Today, it is no longer. And he is bitter.
You can feel it in the content of his words. In the tone of his voice, too. A dull anger sometimes arises there. The tongue-in-cheek is over for him.
He served for more than 30 years in the U.S. Congress in Washington. He was the representative of the 5e district of his state. But his political career ended abruptly last year.
“It was not political suicide. It was a political murder. That’s a good quote for you, that. No ? “, he says during an interview in the offices of a firm in the finance sector, where he now works – in addition to teaching law students at one of the universities in Nashville.
He was the one who threw in the towel. He decided not to run again at the end of his term in January 2023.
Except that we must also specify that we didn’t really give him a choice.
The district where he had been elected since his debut in politics in 1983 was completely remodeled… by his rivals.
He was the victim of a gerrymandering operation carried out by the Republicans, who control the Tennessee Legislature.
Previously, Jim Cooper’s district essentially corresponded to the city of Nashville, where Democrats are in the majority.
By modifying its borders, approximately a third of the original voters were retained and those from a vast territory extending to the southwest, more than an hour’s drive from the center of the metropolis, were added. .
A territory which includes a majority of Republican supporters.
Jim Cooper’s other traditional voters who live in Nashville were matched with two other districts, where Republican voters are also in excess.

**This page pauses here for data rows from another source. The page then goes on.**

instance fin_ord :: (finite) finite
proof
  have "(UNIV :: 'a fin_ord set) = fin_ord_abs ` {..<CARD('a)}"
    using type_definition.Abs_image[OF type_definition_fin_ord[where 'a='a]] by simp
  then show "finite (UNIV :: 'a fin_ord set)" by (metis finite_imageI finite_lessThan)
qed

instance fin_ord :: (finite) wellorder
proof
  fix P :: "'a fin_ord \<Rightarrow> bool" and a
  assume step: "\<And>x. (\<And>y. y < x \<Longrightarrow> P y) \<Longrightarrow> P x"
  have "P x" if "fin_ord_rep x = n" for n x
    using that by (induction n arbitrary: x rule: less_induct) (metis step less_fin_ord_def)
  then show "P a" by blast
qed

lemma ex_bij_fin_ord: "\<exists>s :: 'a::finite fin_ord \<Rightarrow> 'a. bij s"
proof -
  have "CARD('a fin_ord) = CARD('a)"
    using type_definition.card[OF type_definition_fin_ord] by simp
  then show ?thesis
    using finite_same_card_bij[of "UNIV :: 'a fin_ord set" "UNIV :: 'a set"] by auto
qed

lemma det_reindex:
  fixes A :: "'a::comm_ring_1^'d::finite^'d" and s :: "'n::finite \<Rightarrow> 'd"
  assumes s: "bij s"
  shows "det ((\<chi> i j. A $ s i $ s j) :: 'a^'n^'n) = det A"
proof -
  let ?c = "\<lambda>p. s \<circ> p \<circ> inv s"
  have inj: "inj s" and surj: "surj s" using s by (simp_all add: bij_is_inj bij_is_surj)
  have sign_c: "sign (?c p) = sign p" if "p permutes UNIV" for p
  proof -
    have "map_permutation UNIV s p = ?c p"
      using surj by (simp add: map_permutation_def restrict_id_def fun_eq_iff)
    then show ?thesis using sign_map_permutation[of s UNIV p] inj that by simp
  qed
  show ?thesis unfolding det_def
  proof (rule sum.reindex_bij_witness[where j = ?c and i = "\<lambda>q. inv s \<circ> q \<circ> s"])
    fix p :: "'n \<Rightarrow> 'n" assume p: "p \<in> {p. p permutes UNIV}"
    show "inv s \<circ> ?c p \<circ> s = p" by (simp add: fun_eq_iff inv_f_f[OF inj])
    have "bij p" using p permutes_bij by blast
    then have "bij (?c p)" by (intro bij_comp s bij_imp_bij_inv)
    then show "?c p \<in> {p. p permutes UNIV}" using bij_imp_permutes[of "?c p" UNIV] by simp
    have "(\<Prod>k\<in>UNIV. A $ k $ ?c p k) = (\<Prod>i\<in>UNIV. A $ s i $ ?c p (s i))"
      using prod.reindex[OF inj, of "\<lambda>k. A $ k $ ?c p k"] surj by (simp add: o_def)
    also have "\<dots> = (\<Prod>i\<in>UNIV. A $ s i $ s (p i))"
      by (simp add: inv_f_f[OF inj])
    finally show "of_int (sign (?c p)) * (\<Prod>k\<in>UNIV. A $ k $ ?c p k) =
        of_int (sign p) * (\<Prod>i\<in>UNIV. (\<chi> i j. A $ s i $ s j) $ i $ p i)"
      using sign_c p by simp
  next
    fix q :: "'d \<Rightarrow> 'd" assume q: "q \<in> {p. p permutes UNIV}"
    show "?c (inv s \<circ> q \<circ> s) = q" by (simp add: fun_eq_iff surj_f_inv_f[OF surj])
    have "bij (inv s \<circ> q \<circ> s)"
      using q s permutes_bij[of q UNIV] by (simp add: bij_comp bij_imp_bij_inv)
    then show "inv s \<circ> q \<circ> s \<in> {p. p permutes UNIV}"
      using bij_imp_permutes[of "inv s \<circ> q \<circ> s" UNIV] by simp
  qed
qed

definition permute_coords :: "('n \<Rightarrow> 'd) \<Rightarrow> 'a^'d \<Rightarrow> 'a^'n" where
  "permute_coords s x = (\<chi> i. x $ s i)"

lemma permute_coords_inv:
  assumes "bij s"
  shows "permute_coords (inv s) (permute_coords s x) = x"
    and "permute_coords s (permute_coords (inv s) y) = y"
  using assms by (simp_all add: permute_coords_def vec_eq_iff bij_is_surj surj_f_inv_f bij_is_inj)

lemma bounded_linear_permute_coords: "bounded_linear (permute_coords s :: real^'d \<Rightarrow> real^'n)"
  unfolding linear_conv_bounded_linear[symmetric]
  by (auto simp: linear_iff permute_coords_def vec_eq_iff)

lemma borel_measurable_permute_coords [measurable]:
  "(permute_coords s :: real^'d \<Rightarrow> real^'n) \<in> borel_measurable borel"
  by (intro borel_measurable_continuous_onI linear_continuous_on bounded_linear_permute_coords)

lemma permute_coords_axis:
  assumes "bij s"
  shows "permute_coords (inv s) (axis j 1) = (axis (s j) 1 :: real^'d)"
  using assms by (simp add: permute_coords_def axis_def vec_eq_iff) (metis bij_inv_eq_iff)

lemma prod_Basis_vec: "(\<Prod>b\<in>(Basis :: (real^'n) set). f b) = (\<Prod>i\<in>UNIV. f (axis i 1))"
proof -
  have "(Basis :: (real^'n) set) = (\<lambda>i. axis i 1) ` UNIV"
    by (auto simp: Basis_vec_def)
  moreover have "inj (\<lambda>i. axis i (1::real) :: real^'n)"
    by (auto simp: inj_def axis_eq_axis)
  ultimately show ?thesis
    using prod.reindex[of "\<lambda>i. axis i (1::real) :: real^'n" UNIV f] by (simp add: o_def)
qed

A bit as if the government of François Legault had decided, to give a boost to the conservatives before the next federal elections, to review the boundaries of the riding of liberal MP François-Philippe Champagne to ensure that he would not be re-elected.
As a result, the vote of the Democrats in Nashville is diluted in such a way that, from now on, they are represented by three elected Republicans in the American Congress.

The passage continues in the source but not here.